- _ACTION ITEM_
The entries below contain a stretch that opens with the line containing "(this realises the zero extension).\<close>" and closes with the line containing "nat \<lceil>real (N"; set down that stretch exactly, both ends included, and nothing else.

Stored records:
text \<open>Signals of length n: functions on the integers, zero outside {0..<n}
  (this realises the zero extension).\<close>
definition is_signal :: "nat \<Rightarrow> (int \<Rightarrow> complex) \<Rightarrow> bool" where
  "is_signal n x \<longleftrightarrow> (\<forall>j. (j < 0 \<or> j \<ge> int n) \<longrightarrow> x j = 0)"

definition num_shifts :: "nat \<Rightarrow> nat \<Rightarrow> nat \<Rightarrow> nat" where
  "num_shifts N W L = nat \<lceil>real (N + W - 1) / real L\<rceil>"

definition blind_stft ::
  "nat \<Rightarrow> nat \<Rightarrow> (int \<Rightarrow> complex) \<Rightarrow> (int \<Rightarrow> complex) \<Rightarrow> int \<Rightarrow> nat \<Rightarrow> complex" where
  "blind_stft N L x w k m =
     (\<Sum>n\<in>{0..<int N}. x n * w (int m * int L - n)
        * exp (- 2 * pi * \<i> * of_int k * of_int n / of_nat N))"

text \<open>Scaling action of lambda in (C^x)^L (lambda indexed by 0..L-1).\<close>
definition scale_sig :: "nat \<Rightarrow> (int \<Rightarrow> complex) \<Rightarrow> (int \<Rightarrow> complex) \<Rightarrow> (int \<Rightarrow> complex)" where
  "scale_sig L lam x = (\<lambda>n. lam (n mod int L) * x n)"

definition scale_win :: "nat \<Rightarrow> (int \<Rightarrow> complex) \<Rightarrow> (int \<Rightarrow> complex) \<Rightarrow> (int \<Rightarrow> complex)" where
  "scale_win L lam w = (\<lambda>n. inverse (lam ((int L - n) mod int L)) * w n)"

definition realify :: "nat \<Rightarrow> (int \<Rightarrow> complex) \<Rightarrow> (int \<Rightarrow> complex) \<Rightarrow> nat \<Rightarrow> real" where
  "realify N x w i =
     (if i < 2 * N then
        (if even i then Re (x (int (i div 2))) else Im (x (int (i div 2))))
      else
        (let j = i - 2 * N in
          if even j then Re (w (int (j div 2))) else Im (w (int (j div 2)))))"

text \<open>Multivariate real polynomials in the variables 0..nv-1, given by a
  finitely supported coefficient function on exponent vectors (exponents
  vanish outside 0..nv-1).\<close>
definition is_poly :: "nat \<Rightarrow> ((nat \<Rightarrow> nat) \<Rightarrow> real) \<Rightarrow> bool" where
  "is_poly nv c \<longleftrightarrow> finite {a. c a \<noteq> 0} \<and>
     (\<forall>a. c a \<noteq> 0 \<longrightarrow> (\<forall>i\<ge>nv. a i = 0))"

definition nonzero_poly :: "nat \<Rightarrow> ((nat \<Rightarrow> nat) \<Rightarrow> real) \<Rightarrow> bool" where
  "nonzero_poly nv c \<longleftrightarrow> is_poly nv c \<and> (\<exists>a. c a \<noteq> 0)"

- _SOLUTION TO THE PROBLEM_
  (this realises the zero extension).\<close>
definition is_signal :: "nat \<Rightarrow> (int \<Rightarrow> complex) \<Rightarrow> bool" where
  "is_signal n x \<longleftrightarrow> (\<forall>j. (j < 0 \<or> j \<ge> int n) \<longrightarrow> x j = 0)"

definition num_shifts :: "nat \<Rightarrow> nat \<Rightarrow> nat \<Rightarrow> nat" where
  "num_shifts N W L = nat \<lceil>real (N + W - 1) / real L\<rceil>"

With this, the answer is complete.